### RECORDED DATA
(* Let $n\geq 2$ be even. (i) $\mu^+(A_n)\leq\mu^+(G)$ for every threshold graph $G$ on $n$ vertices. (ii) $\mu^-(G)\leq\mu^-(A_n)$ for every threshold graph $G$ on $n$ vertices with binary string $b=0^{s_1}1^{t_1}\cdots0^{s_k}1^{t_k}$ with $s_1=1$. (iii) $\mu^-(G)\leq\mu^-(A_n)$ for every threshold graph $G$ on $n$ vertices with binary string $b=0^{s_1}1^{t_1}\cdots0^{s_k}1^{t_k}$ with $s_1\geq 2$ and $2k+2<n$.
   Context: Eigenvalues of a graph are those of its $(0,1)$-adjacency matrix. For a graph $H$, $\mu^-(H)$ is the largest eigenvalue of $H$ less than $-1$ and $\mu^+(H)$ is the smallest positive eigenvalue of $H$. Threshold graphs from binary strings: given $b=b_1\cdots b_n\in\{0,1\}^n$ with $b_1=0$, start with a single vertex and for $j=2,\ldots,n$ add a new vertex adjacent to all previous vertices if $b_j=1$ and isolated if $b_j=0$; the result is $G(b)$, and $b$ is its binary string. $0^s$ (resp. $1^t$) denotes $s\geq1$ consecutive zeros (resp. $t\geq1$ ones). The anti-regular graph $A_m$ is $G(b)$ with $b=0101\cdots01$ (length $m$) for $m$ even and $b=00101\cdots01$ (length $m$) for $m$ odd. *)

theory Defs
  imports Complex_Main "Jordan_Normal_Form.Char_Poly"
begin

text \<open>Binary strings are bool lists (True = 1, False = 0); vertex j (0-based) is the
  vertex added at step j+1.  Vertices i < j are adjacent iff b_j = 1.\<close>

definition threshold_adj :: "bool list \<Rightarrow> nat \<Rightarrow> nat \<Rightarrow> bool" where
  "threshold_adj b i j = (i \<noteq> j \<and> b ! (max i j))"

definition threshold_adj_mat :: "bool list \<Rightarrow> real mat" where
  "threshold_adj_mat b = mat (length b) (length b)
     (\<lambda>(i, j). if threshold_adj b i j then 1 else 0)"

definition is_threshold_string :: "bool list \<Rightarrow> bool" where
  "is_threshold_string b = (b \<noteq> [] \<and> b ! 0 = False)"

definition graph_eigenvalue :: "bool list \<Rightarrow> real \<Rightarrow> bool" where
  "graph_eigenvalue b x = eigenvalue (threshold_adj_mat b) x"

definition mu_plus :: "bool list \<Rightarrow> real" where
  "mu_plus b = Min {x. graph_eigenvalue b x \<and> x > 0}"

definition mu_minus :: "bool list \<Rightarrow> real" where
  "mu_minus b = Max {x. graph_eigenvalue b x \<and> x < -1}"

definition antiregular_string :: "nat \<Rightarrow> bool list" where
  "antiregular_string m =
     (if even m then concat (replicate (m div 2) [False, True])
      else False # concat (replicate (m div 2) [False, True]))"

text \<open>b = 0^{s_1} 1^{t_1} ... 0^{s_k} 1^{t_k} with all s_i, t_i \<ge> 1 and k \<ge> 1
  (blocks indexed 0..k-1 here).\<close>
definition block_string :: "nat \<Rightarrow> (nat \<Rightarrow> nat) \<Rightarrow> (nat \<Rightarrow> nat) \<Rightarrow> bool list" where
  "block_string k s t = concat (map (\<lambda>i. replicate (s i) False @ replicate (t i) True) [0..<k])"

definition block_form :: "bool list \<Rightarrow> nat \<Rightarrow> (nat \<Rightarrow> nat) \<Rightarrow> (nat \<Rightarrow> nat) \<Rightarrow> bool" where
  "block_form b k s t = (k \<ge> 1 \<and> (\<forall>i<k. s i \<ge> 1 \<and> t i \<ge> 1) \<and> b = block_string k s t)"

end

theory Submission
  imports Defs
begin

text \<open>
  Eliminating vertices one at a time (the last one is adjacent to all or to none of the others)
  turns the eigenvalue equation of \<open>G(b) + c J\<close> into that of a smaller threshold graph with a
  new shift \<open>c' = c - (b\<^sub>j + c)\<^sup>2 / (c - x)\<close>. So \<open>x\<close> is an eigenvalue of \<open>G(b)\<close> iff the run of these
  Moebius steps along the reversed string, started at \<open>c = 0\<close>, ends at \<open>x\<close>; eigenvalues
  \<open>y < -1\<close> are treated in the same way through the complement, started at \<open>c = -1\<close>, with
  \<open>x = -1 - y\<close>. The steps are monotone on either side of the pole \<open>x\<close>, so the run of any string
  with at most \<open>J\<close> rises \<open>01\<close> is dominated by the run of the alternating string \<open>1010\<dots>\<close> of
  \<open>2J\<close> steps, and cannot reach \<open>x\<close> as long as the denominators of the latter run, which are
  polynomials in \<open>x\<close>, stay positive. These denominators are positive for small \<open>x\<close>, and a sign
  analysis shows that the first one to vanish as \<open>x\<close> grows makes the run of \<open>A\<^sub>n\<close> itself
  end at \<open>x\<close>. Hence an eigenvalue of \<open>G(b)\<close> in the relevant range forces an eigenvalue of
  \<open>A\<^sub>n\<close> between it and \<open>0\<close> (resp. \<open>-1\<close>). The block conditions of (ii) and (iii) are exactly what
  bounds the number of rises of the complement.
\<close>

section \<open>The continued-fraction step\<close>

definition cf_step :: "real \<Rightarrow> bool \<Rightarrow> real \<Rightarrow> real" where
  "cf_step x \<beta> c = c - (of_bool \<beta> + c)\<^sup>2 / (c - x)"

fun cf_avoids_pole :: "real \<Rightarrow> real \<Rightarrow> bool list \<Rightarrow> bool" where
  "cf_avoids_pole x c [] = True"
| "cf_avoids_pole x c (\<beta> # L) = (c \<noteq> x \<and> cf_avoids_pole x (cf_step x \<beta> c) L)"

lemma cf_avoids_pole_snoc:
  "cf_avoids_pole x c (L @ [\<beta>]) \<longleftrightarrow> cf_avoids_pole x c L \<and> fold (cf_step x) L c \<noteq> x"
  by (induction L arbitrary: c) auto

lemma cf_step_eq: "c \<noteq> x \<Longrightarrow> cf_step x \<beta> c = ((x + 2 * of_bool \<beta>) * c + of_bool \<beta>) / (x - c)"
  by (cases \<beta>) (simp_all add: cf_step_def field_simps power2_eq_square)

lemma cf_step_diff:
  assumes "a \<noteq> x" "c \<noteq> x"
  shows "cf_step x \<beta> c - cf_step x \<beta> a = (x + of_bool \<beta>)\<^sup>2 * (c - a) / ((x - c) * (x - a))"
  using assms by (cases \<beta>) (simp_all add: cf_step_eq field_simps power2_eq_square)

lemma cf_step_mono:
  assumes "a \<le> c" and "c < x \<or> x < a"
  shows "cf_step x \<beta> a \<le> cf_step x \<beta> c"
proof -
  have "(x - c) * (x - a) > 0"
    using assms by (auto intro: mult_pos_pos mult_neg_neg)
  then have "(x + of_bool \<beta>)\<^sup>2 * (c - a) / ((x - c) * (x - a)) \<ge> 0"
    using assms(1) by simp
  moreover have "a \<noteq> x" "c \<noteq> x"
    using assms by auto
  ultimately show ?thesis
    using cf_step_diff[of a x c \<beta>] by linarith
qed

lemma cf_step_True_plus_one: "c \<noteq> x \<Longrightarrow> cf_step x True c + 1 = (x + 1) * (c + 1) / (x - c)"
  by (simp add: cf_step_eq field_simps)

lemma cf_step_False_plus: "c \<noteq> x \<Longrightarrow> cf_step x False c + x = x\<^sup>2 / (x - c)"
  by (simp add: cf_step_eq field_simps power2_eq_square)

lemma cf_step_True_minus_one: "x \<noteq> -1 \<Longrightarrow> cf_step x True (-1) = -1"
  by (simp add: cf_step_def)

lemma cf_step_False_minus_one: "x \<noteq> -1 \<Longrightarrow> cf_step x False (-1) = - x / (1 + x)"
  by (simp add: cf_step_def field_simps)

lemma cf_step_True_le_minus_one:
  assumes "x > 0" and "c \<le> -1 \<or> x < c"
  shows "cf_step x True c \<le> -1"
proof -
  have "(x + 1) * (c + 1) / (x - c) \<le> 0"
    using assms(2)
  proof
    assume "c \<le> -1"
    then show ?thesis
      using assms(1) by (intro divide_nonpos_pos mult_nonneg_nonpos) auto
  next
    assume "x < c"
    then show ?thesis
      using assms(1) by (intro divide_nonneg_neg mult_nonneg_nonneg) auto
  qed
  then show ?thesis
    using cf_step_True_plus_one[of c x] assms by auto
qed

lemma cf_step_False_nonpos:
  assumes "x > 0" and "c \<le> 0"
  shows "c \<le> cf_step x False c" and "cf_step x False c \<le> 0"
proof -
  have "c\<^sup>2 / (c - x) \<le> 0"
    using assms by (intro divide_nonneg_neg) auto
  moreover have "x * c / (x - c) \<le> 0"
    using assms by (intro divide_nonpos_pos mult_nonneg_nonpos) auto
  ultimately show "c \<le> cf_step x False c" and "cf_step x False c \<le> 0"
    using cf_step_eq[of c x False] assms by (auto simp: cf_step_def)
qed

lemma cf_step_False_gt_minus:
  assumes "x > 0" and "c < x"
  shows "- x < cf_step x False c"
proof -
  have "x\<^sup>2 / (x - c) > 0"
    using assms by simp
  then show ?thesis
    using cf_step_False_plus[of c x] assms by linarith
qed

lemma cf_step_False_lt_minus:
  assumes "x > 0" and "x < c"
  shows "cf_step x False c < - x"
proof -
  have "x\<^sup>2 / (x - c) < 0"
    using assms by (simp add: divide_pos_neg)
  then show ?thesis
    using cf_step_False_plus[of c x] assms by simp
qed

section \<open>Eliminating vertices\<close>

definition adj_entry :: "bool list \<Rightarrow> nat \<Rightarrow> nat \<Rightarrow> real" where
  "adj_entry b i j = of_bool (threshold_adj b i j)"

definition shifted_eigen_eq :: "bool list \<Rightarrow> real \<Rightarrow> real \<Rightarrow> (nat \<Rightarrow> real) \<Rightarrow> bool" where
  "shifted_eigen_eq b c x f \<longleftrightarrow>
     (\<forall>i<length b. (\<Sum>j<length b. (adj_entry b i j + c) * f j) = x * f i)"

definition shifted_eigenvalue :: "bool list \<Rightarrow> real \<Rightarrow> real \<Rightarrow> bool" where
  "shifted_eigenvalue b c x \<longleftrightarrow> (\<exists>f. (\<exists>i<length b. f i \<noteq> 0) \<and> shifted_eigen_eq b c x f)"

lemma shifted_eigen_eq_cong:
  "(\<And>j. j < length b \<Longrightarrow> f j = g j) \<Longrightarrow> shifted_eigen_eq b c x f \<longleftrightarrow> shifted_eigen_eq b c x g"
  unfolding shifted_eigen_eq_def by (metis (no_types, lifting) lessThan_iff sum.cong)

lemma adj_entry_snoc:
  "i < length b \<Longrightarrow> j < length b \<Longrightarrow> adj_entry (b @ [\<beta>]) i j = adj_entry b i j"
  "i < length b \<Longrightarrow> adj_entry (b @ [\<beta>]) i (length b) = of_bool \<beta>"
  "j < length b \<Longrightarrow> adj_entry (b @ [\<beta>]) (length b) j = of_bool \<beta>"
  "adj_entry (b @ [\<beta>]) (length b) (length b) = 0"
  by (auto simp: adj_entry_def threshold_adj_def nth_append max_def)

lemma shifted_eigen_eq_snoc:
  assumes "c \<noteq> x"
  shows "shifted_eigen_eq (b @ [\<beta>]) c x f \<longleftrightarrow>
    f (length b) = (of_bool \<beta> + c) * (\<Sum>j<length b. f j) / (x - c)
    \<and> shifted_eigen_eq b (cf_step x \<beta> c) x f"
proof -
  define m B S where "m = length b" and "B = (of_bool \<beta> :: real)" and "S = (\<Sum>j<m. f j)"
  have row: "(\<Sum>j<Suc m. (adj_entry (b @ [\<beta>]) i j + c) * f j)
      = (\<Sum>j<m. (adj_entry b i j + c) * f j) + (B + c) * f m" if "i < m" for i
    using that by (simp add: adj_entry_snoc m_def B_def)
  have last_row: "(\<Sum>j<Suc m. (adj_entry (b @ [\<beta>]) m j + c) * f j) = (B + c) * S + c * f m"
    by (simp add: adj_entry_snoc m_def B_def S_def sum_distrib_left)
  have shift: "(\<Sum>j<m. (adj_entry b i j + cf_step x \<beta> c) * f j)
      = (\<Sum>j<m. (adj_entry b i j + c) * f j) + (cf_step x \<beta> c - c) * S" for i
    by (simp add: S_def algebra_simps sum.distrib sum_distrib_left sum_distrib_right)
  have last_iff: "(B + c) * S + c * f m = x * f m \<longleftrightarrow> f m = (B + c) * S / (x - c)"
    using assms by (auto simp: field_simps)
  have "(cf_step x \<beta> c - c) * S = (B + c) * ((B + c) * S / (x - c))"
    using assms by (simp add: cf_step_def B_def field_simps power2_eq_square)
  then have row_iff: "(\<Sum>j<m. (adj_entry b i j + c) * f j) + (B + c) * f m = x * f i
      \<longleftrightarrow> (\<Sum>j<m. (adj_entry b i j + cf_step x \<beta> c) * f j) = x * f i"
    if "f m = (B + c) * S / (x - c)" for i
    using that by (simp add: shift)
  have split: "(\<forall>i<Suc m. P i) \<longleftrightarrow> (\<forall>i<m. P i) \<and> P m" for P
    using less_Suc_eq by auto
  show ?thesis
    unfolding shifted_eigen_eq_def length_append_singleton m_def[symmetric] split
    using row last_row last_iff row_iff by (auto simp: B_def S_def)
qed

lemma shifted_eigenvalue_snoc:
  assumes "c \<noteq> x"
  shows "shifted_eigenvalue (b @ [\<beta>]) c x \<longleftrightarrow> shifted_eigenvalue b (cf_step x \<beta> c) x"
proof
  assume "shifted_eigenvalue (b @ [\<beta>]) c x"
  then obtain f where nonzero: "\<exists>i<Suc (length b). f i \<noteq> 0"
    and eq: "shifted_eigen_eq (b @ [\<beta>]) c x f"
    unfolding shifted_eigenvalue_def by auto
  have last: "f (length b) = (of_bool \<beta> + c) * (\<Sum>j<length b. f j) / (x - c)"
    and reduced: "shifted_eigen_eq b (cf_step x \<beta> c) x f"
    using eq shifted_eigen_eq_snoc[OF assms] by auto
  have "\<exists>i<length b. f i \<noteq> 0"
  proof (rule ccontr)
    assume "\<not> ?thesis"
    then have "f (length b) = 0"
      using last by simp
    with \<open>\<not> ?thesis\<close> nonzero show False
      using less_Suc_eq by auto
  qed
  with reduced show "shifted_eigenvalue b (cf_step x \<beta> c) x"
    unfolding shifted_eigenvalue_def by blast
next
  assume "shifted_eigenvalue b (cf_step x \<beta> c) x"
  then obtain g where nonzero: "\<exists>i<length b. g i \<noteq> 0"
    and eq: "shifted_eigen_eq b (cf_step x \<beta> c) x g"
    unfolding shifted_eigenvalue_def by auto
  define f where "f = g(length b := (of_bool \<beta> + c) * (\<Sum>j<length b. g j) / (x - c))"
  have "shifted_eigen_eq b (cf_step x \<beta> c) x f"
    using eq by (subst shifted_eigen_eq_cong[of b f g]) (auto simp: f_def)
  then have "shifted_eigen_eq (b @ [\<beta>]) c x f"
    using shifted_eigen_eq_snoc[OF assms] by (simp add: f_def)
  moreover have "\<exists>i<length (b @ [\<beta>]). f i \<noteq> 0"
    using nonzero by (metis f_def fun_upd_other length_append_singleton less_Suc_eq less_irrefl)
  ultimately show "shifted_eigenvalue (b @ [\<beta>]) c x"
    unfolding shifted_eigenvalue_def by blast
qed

### YOUR OBJECTIVE
From the data above, count the lines where "ultimately" occurs and give that figure and nothing else.

### ANSWER TO THE PROBLEM
3